Выбранное Генкой «райское место» ошеломило Ирину. Старый, построенный еще в начале пятидесятых годов прошлого столетия барак прятался за низким, замшелым дощатым забором, вдоль которого разросся густой кустарник. Красный кирпич местами проглядывал сквозь облупленную штукатурку. Отсыревшая, провисшая форточка маленького окна из последних сил пыталась удержаться на единственной ржавой петле.
- Ну как здесь… - начала было Ирина, но задать полноценного вопроса она не успела.
- Как люди жить будем! - уверенно вставил Генка.
- А ванная… - снова хотела поинтересоваться Ирина.
- Ванная есть. А туалет на улице, – опередил ее супруг своим ответом.
У Ирины в глазах вспыхнули бусинки горьких прозрачных слезинок. Генка не заметил этого, молча толкнул ветхую калитку ногой. Калитка резко скрипнула, прыгнула в обратную сторону, ударилась о жерди забора, упала на землю.

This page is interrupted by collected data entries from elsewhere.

definition adv :: "('s::finite \<Rightarrow> 'a::finite \<Rightarrow> 's \<Rightarrow> real) \<Rightarrow> ('s \<Rightarrow> 'a \<Rightarrow> real) \<Rightarrow> real \<Rightarrow> ('s \<Rightarrow> 'a \<Rightarrow> real) \<Rightarrow> 's \<Rightarrow> 'a \<Rightarrow> real" where
  "adv P r \<gamma> \<pi> s a = Q_fun P r \<gamma> \<pi> s a - V_fun P r \<gamma> \<pi> s"

definition proj_simplex :: "('a::finite \<Rightarrow> real) \<Rightarrow> ('a \<Rightarrow> real)" where
  "proj_simplex x = (THE y. y \<in> prob_simplex \<and>
      (\<forall>z\<in>prob_simplex. (\<Sum>a\<in>UNIV. (y a - x a)^2) \<le> (\<Sum>a\<in>UNIV. (z a - x a)^2)))"

end

theory Submission
  imports Defs
begin

text \<open>Write \<open>p = \<pi> s\<close>, \<open>B = A s\<close>, \<open>y\<close> for the projection of \<open>p + \<eta> B\<close>,
  \<open>f = \<langle>y, B\<rangle>\<close> and \<open>M = B b = max B\<close>. By the Bellman equation \<open>\<langle>p, B\<rangle> = 0\<close>, so \<open>M \<ge> 0\<close>.
  The obtuse-angle criterion for the projection, tested against \<open>z = p\<close> and against the vertex
  \<open>z = e\<^sub>b\<close>, gives \<open>|y - p|\<^sup>2 \<le> \<eta> f\<close> and \<open>\<eta> (M - f) \<le> \<langle>e\<^sub>b - y, y - p\<rangle>\<close>.
  By Cauchy-Schwarz and since the simplex has squared diameter 2, the right-hand side \<open>t\<close>
  satisfies \<open>t\<^sup>2 \<le> 2 \<eta> f\<close> and \<open>t \<le> 2\<close>; elementary algebra then gives
  \<open>M\<^sup>2 \<le> f (M + 4 / \<eta>)\<close>. So the bound even holds with 4 in place of \<open>2 + 5 |\<A>|\<close>.\<close>

lemma prob_simplex_nonneg: "p \<in> prob_simplex \<Longrightarrow> 0 \<le> p a"
  by (simp add: prob_simplex_def)

lemma prob_simplex_sum: "p \<in> prob_simplex \<Longrightarrow> (\<Sum>a\<in>UNIV. p a) = 1"
  by (simp add: prob_simplex_def)

lemma prob_simplex_le_1:
  assumes "p \<in> prob_simplex" shows "p a \<le> 1"
proof -
  have "p a \<le> (\<Sum>b\<in>UNIV. p b)"
    by (rule member_le_sum) (simp_all add: prob_simplex_nonneg[OF assms])
  then show ?thesis by (simp add: prob_simplex_sum[OF assms])
qed

lemma prob_simplex_mixture:
  fixes w :: "'i::finite \<Rightarrow> real" and q :: "'i \<Rightarrow> 'a::finite \<Rightarrow> real"
  assumes "w \<in> prob_simplex" and "\<And>i. q i \<in> prob_simplex"
  shows "(\<lambda>a. \<Sum>i\<in>UNIV. w i * q i a) \<in> prob_simplex"
proof -
  have "(\<Sum>a\<in>UNIV. \<Sum>i\<in>UNIV. w i * q i a) = (\<Sum>i\<in>UNIV. w i * (\<Sum>a\<in>UNIV. q i a))"
    unfolding sum_distrib_left by (rule sum.swap)
  with assms show ?thesis
    by (auto simp: prob_simplex_def intro!: sum_nonneg)
qed

lemma prob_simplex_expectation_bounds:
  fixes p f :: "'a::finite \<Rightarrow> real"
  assumes "p \<in> prob_simplex" and "\<And>a. 0 \<le> f a" and "\<And>a. f a \<le> 1"
  shows "0 \<le> (\<Sum>a\<in>UNIV. p a * f a)" and "(\<Sum>a\<in>UNIV. p a * f a) \<le> 1"
proof -
  show "0 \<le> (\<Sum>a\<in>UNIV. p a * f a)"
    using assms by (intro sum_nonneg) (simp add: prob_simplex_nonneg)
  have "(\<Sum>a\<in>UNIV. p a * f a) \<le> (\<Sum>a\<in>UNIV. p a)"
    using assms by (intro sum_mono mult_left_le) (simp_all add: prob_simplex_nonneg)
  then show "(\<Sum>a\<in>UNIV. p a * f a) \<le> 1"
    by (simp add: prob_simplex_sum[OF assms(1)])
qed

lemma sum_sq_diff_prob_simplex_le_2:
  assumes "p \<in> prob_simplex" and "q \<in> prob_simplex"
  shows "(\<Sum>a\<in>UNIV. (p a - q a)\<^sup>2) \<le> 2"
proof -
  have "(p a - q a)\<^sup>2 \<le> p a + q a" for a
  proof -
    have "p a * p a \<le> p a" "q a * q a \<le> q a" "0 \<le> p a * q a"
      using assms by (simp_all add: mult_left_le prob_simplex_nonneg prob_simplex_le_1)
    then show ?thesis by (simp add: power2_eq_square algebra_simps)
  qed
  then have "(\<Sum>a\<in>UNIV. (p a - q a)\<^sup>2) \<le> (\<Sum>a\<in>UNIV. p a + q a)"
    by (rule sum_mono)
  also have "\<dots> = 2"
    using assms by (simp add: sum.distrib prob_simplex_sum)
  finally show ?thesis .
qed

text \<open>The simplex as a subset of the Euclidean space \<open>real^'a\<close>, where the projection is the
  library's \<open>closest_point\<close> of a closed convex set.\<close>

definition prob_simplex_vec :: "(real^'a::finite) set" where
  "prob_simplex_vec = {v. vec_nth v \<in> prob_simplex}"

lemma prob_simplex_vec_eq: "prob_simplex_vec = {v. (\<forall>a. 0 \<le> v$a) \<and> (\<Sum>a\<in>UNIV. v$a) = 1}"
  by (simp add: prob_simplex_vec_def prob_simplex_def)

lemma closed_prob_simplex_vec: "closed prob_simplex_vec"
  unfolding prob_simplex_vec_eq
  by (intro closed_Collect_conj closed_Collect_all closed_Collect_le closed_Collect_eq
      continuous_intros)

lemma convex_prob_simplex_vec: "convex prob_simplex_vec"
  unfolding prob_simplex_vec_eq convex_def
  by (auto simp: sum.distrib simp flip: sum_distrib_left)

lemma prob_simplex_vec_nonempty: "prob_simplex_vec \<noteq> {}"
proof -
  have "(\<chi> a. 1 / real CARD('a)) \<in> (prob_simplex_vec :: (real^'a::finite) set)"
    by (simp add: prob_simplex_vec_eq)
  then show ?thesis by blast
qed

lemma dist_vec_le_iff_sum_sq:
  fixes u v w :: "real^'a::finite"
  shows "dist u v \<le> dist u w \<longleftrightarrow> (\<Sum>a\<in>UNIV. (v$a - u$a)\<^sup>2) \<le> (\<Sum>a\<in>UNIV. (w$a - u$a)\<^sup>2)"
  by (simp add: dist_vec_def L2_set_def dist_real_def power2_commute)
lemma vars_eprod [simp]: "vars (eprod N e) = (\<Union>i<N. vars (e i))"
  by (induction N) (auto simp: lessThan_Suc)

lemma vars_emax [simp]: "vars (emax N e) = (\<Union>i\<le>N. vars (e i))"
  by (induction N) (auto simp: atMost_Suc)

lemma ops_esum [simp]: "ops (esum N e) = Suc (\<Sum>i<N. Suc (ops (e i)))"
  by (induction N) auto

lemma ops_eprod [simp]: "ops (eprod N e) = Suc (\<Sum>i<N. Suc (ops (e i)))"
  by (induction N) auto

lemma ops_emax [simp]: "ops (emax N e) = ops (e 0) + (\<Sum>i<N. Suc (ops (e (Suc i))))"
  by (induction N) auto

lemma extends_keep_eval:
  assumes "V \<subseteq> U" "\<And>inp. eval e inp = f inp" "vars e \<subseteq> V" "ops e \<le> k"
  shows "extends k U (U \<union> {f})"
proof -
  have "extends (ops e) U (U \<union> {eval e})"
    using extends_keep[OF extends_eval[OF assms(3)] assms(1)] .
  moreover have "eval e = f" using assms(2) by blast
  ultimately show ?thesis using assms(4) by (auto elim: extends_mono)
qed

lemma extends_keep_image:
  assumes "finite A" "card A \<le> N" "V \<subseteq> U"
    and "\<And>a inp. a \<in> A \<Longrightarrow> eval (e a) inp = F a inp"
    and "\<And>a. a \<in> A \<Longrightarrow> vars (e a) \<subseteq> V"
    and "\<And>a. a \<in> A \<Longrightarrow> ops (e a) \<le> k"
  shows "extends (N * k) U (U \<union> F ` A)"
proof -
  have "extends k V {F a}" if "a \<in> A" for a
  proof -
    have "eval (e a) = F a" using assms(4) that by blast
    then show ?thesis using extends_eval[OF assms(5)[OF that]] assms(6)[OF that]
      by (metis extends_mono order_refl)
  qed
  then have "extends (card A * k) V (F ` A)" by (rule extends_image[OF assms(1)])
  then show ?thesis
    by (rule extends_keep[OF extends_mono]) (use assms(2,3) in auto)
qed

section \<open>Derivatives of the loss\<close>

definition phase :: "nat \<Rightarrow> nat \<Rightarrow> real" where
  "phase j t = (if odd (t div 2^j) then pi/2 else 0)"

definition weight_deriv :: "nat \<Rightarrow> (nat \<Rightarrow> real) \<Rightarrow> (nat \<Rightarrow> nat) \<Rightarrow> nat \<Rightarrow> real" where
  "weight_deriv m \<theta> E t = (\<Prod>j<m. cos (\<theta> j - phase j t + real (E j) * pi / 2))"

definition bump :: "(nat \<Rightarrow> nat) \<Rightarrow> nat \<Rightarrow> nat \<Rightarrow> nat" where
  "bump E j = E(j := Suc (E j))"

lemma wvec_eq_weight_deriv: "wvec m \<theta> t = weight_deriv m \<theta> (\<lambda>_. 0) t"
  unfolding wvec_def weight_deriv_def phase_def by simp

lemma weight_deriv_split:
  assumes "j < m"
  shows "weight_deriv m (\<theta>(j := u)) E t =
    cos (u - phase j t + real (E j) * pi / 2) * (\<Prod>i\<in>{..<m} - {j}. cos (\<theta> i - phase i t + real (E i) * pi / 2))"
proof -
  have "(\<Prod>i\<in>{..<m} - {j}. cos ((\<theta>(j := u)) i - phase i t + real (E i) * pi / 2)) =
      (\<Prod>i\<in>{..<m} - {j}. cos (\<theta> i - phase i t + real (E i) * pi / 2))"
    by (rule prod.cong) auto
  then show ?thesis
    unfolding weight_deriv_def using assms by (subst prod.remove[of _ j]) auto
qed

text \<open>Each derivative shifts a phase by \<open>pi/2\<close>, since \<open>cos' u = cos (u + pi/2)\<close>.\<close>
lemma has_real_derivative_weight_deriv:
  assumes "j < m"
  shows "((\<lambda>u. weight_deriv m (\<theta>(j := u)) E t) has_real_derivative weight_deriv m (\<theta>(j := u)) (bump E j) t) (at u)"
proof -
  define c where "c = (\<Prod>i\<in>{..<m} - {j}. cos (\<theta> i - phase i t + real (E i) * pi / 2))"
  have c_bump: "(\<Prod>i\<in>{..<m} - {j}. cos (\<theta> i - phase i t + real (bump E j i) * pi / 2)) = c"
    unfolding c_def bump_def by (rule prod.cong) auto
  have "((\<lambda>u. cos (u - phase j t + real (E j) * pi / 2) * c) has_real_derivative
      - sin (u - phase j t + real (E j) * pi / 2) * 1 * c) (at u)"
    by (auto intro!: derivative_eq_intros)
  moreover have "- sin (u - phase j t + real (E j) * pi / 2) = cos (u - phase j t + real (bump E j j) * pi / 2)"
    by (simp add: bump_def minus_sin_cos_eq algebra_simps add_divide_distrib)
  moreover have "(\<lambda>u. weight_deriv m (\<theta>(j := u)) E t) = (\<lambda>u. cos (u - phase j t + real (E j) * pi / 2) * c)"
    using weight_deriv_split[OF assms] unfolding c_def by blast
  ultimately show ?thesis
    using weight_deriv_split[OF assms, of \<theta> u "bump E j" t] unfolding c_bump c_def[symmetric] by simp
qed
(* Assume $\|\cdot\|=|||\cdot|||=\|\cdot\|_2$. Then: (a) For $L_1,L_2\in\mathrm{Gr}(V,m)$, $\|\Pi_{L_1}-\Pi_{L_2}\|_2=\operatorname{dist}(L_1,L_2)=\overline{\operatorname{dist}}(L_1,L_2)$, where $\Pi_{L_i}$ is the orthogonal projection onto $L_i$ and $\|\Pi_{L_1}-\Pi_{L_2}\|_2=\max_{\|x\|_2=1}\|(\Pi_{L_1}-\Pi_{L_2})x\|_2$. (b) If $L\in\mathrm{Gr}(V,m)$ and $L\cap\operatorname{int}(K)\neq\emptyset$, then $\nu(L)=\sin\angle(L^\perp,K^* )$. (c) If $L\in\mathrm{Gr}(V,m)$ and $L^\perp\cap\operatorname{int}(K^* )\neq\emptyset$, then $\bar\nu(L)=\sin\angle(L,K)$.
   Context: $V$ is a finite-dimensional real vector space with inner product $\langle\cdot,\cdot\rangle$ and Euclidean norm $\|v\|_2=\sqrt{\langle v,v\rangle}$; $K\subseteq V$ is a regular closed convex cone with dual cone $K^*:=\{u:\langle u,x\rangle\ge0\ \forall x\in K\}$; $\mathrm{Gr}(V,m)$ is the set of $m$-dimensional subspaces ($1\le m<\dim V$), $L^\perp$ the orthogonal complement. With norms $\|\cdot\|,|||\cdot|||$ on $V$ (dual norms $\|u\|^*:=\max_{\|x\|=1}\langle u,x\rangle$, similarly $|||\cdot|||^*$): $\operatorname{dist}(L_1,L_2):=\max_{x\in L_1,x\neq0}\min_{v\in L_2}\frac{|||x-v|||}{\|x\|}$, $\overline{\operatorname{dist}}(L_1,L_2):=\max_{x\in L_1,x\neq0}\inf_{v\in L_2,v\neq0}\frac{|||x-v|||}{\|v\|}$, $\nu(L):=\min\{\|y-u\|^*:u\in K^*,y\in L^\perp,|||u|||^*=1\}$, $\bar\nu(L):=\min\{|||v-x|||:v\in K,x\in L,\|x\|=1\}$. For $x,y\neq0$, $\angle(x,y):=\arccos\frac{\langle x,y\rangle}{\|x\|_2\|y\|_2}\in[0,\pi]$; for a linear subspace $L$ and closed convex cone $C$, $\angle(L,C):=\min\{\angle(x,v):x\in L\setminus\{0\},v\in C\setminus\{0\}\}$. *)

theory Defs
  imports "HOL-Analysis.Analysis"
begin

definition regular_cone :: "'a::euclidean_space set \<Rightarrow> bool" where
  "regular_cone K \<longleftrightarrow> closed K \<and> convex K \<and> cone K \<and> interior K \<noteq> {}
     \<and> K \<inter> uminus ` K = {0}"

definition dual_cone :: "'a::euclidean_space set \<Rightarrow> 'a set" where
  "dual_cone K = {u. \<forall>x\<in>K. 0 \<le> inner u x}"

definition Gr :: "nat \<Rightarrow> 'a::euclidean_space set set" where
  "Gr m = {L. subspace L \<and> dim L = m}"

definition dual_norm :: "('a::euclidean_space \<Rightarrow> real) \<Rightarrow> 'a \<Rightarrow> real" where
  "dual_norm N u = Sup {inner u x | x. N x = 1}"

text \<open>dist(L1,L2) with norms N (= \<parallel>.\<parallel>) and M (= |||.|||).\<close>
definition sdist :: "('a::euclidean_space \<Rightarrow> real) \<Rightarrow> ('a \<Rightarrow> real) \<Rightarrow> 'a set \<Rightarrow> 'a set \<Rightarrow> real" where
  "sdist N M L1 L2 = Sup ((\<lambda>x. Inf ((\<lambda>v. M (x - v) / N x) ` L2)) ` (L1 - {0}))"

definition sdist_bar :: "('a::euclidean_space \<Rightarrow> real) \<Rightarrow> ('a \<Rightarrow> real) \<Rightarrow> 'a set \<Rightarrow> 'a set \<Rightarrow> real" where
  "sdist_bar N M L1 L2 = Sup ((\<lambda>x. Inf ((\<lambda>v. M (x - v) / N v) ` (L2 - {0}))) ` (L1 - {0}))"

definition nu :: "('a::euclidean_space \<Rightarrow> real) \<Rightarrow> ('a \<Rightarrow> real) \<Rightarrow> 'a set \<Rightarrow> 'a set \<Rightarrow> real" where
  "nu N M K L = Inf {dual_norm N (y - u) | u y. u \<in> dual_cone K \<and> y \<in> orthogonal_comp L \<and> dual_norm M u = 1}"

- Господиии! – запричитала Ирина. - Да что же ты такой непутевый, всякий хлам, всякую рухлядь собираешь!? – Она поставила груженые бельем тюки возле покосившегося, заросшего бурьяном забора и нырнула молодым лицом в тоненькие ладошки.
- Ничегооо! – произнес Генка, почесывая подбородок. - Ты мне недели полторы положи, хоромы эти не узнать будет! - Он оглядывал покосившееся от времени крыльцо ветхого барака.
Три дня Ирина наводила подходящий для человеческого проживания порядок. Маленькая кухня приняла достойный вид. Две небольшие комнаты укрылись половиками. Засверкала на полках посуда, оставленная прежними хозяевами. Вскоре уютно стало в этих скромных стенах.
Генка каждый вечер после работы приходил радостный. Что-то строгал, рубил, прибивал, красил.
Не прошло и двух недель, как старый барак преобразился. На окнах появились резные наличники. На торце фронтона загорелись ярками красками причелины. Палисадник очистился от сорняка. Каждая дощечка его забора радовала глаз всякого проходящего мимо.
Генка сложил инструмент. Сел на крыльцо, закурил. Радовался он проделанной работе. На душе был праздник.
Время шло. Последние листопады уже давно отгорели в кострах осени. Небо посветлело, освободилось от серых, печальных и тоскливых красок. Остывшая земля уснула под теплым белоснежным покрывалом. И ясные, короткие дни размеренно догорали в холодных закатах, убаюкивая своей тишиной скованные в морозных объятьях узкие улицы, переулки, дома.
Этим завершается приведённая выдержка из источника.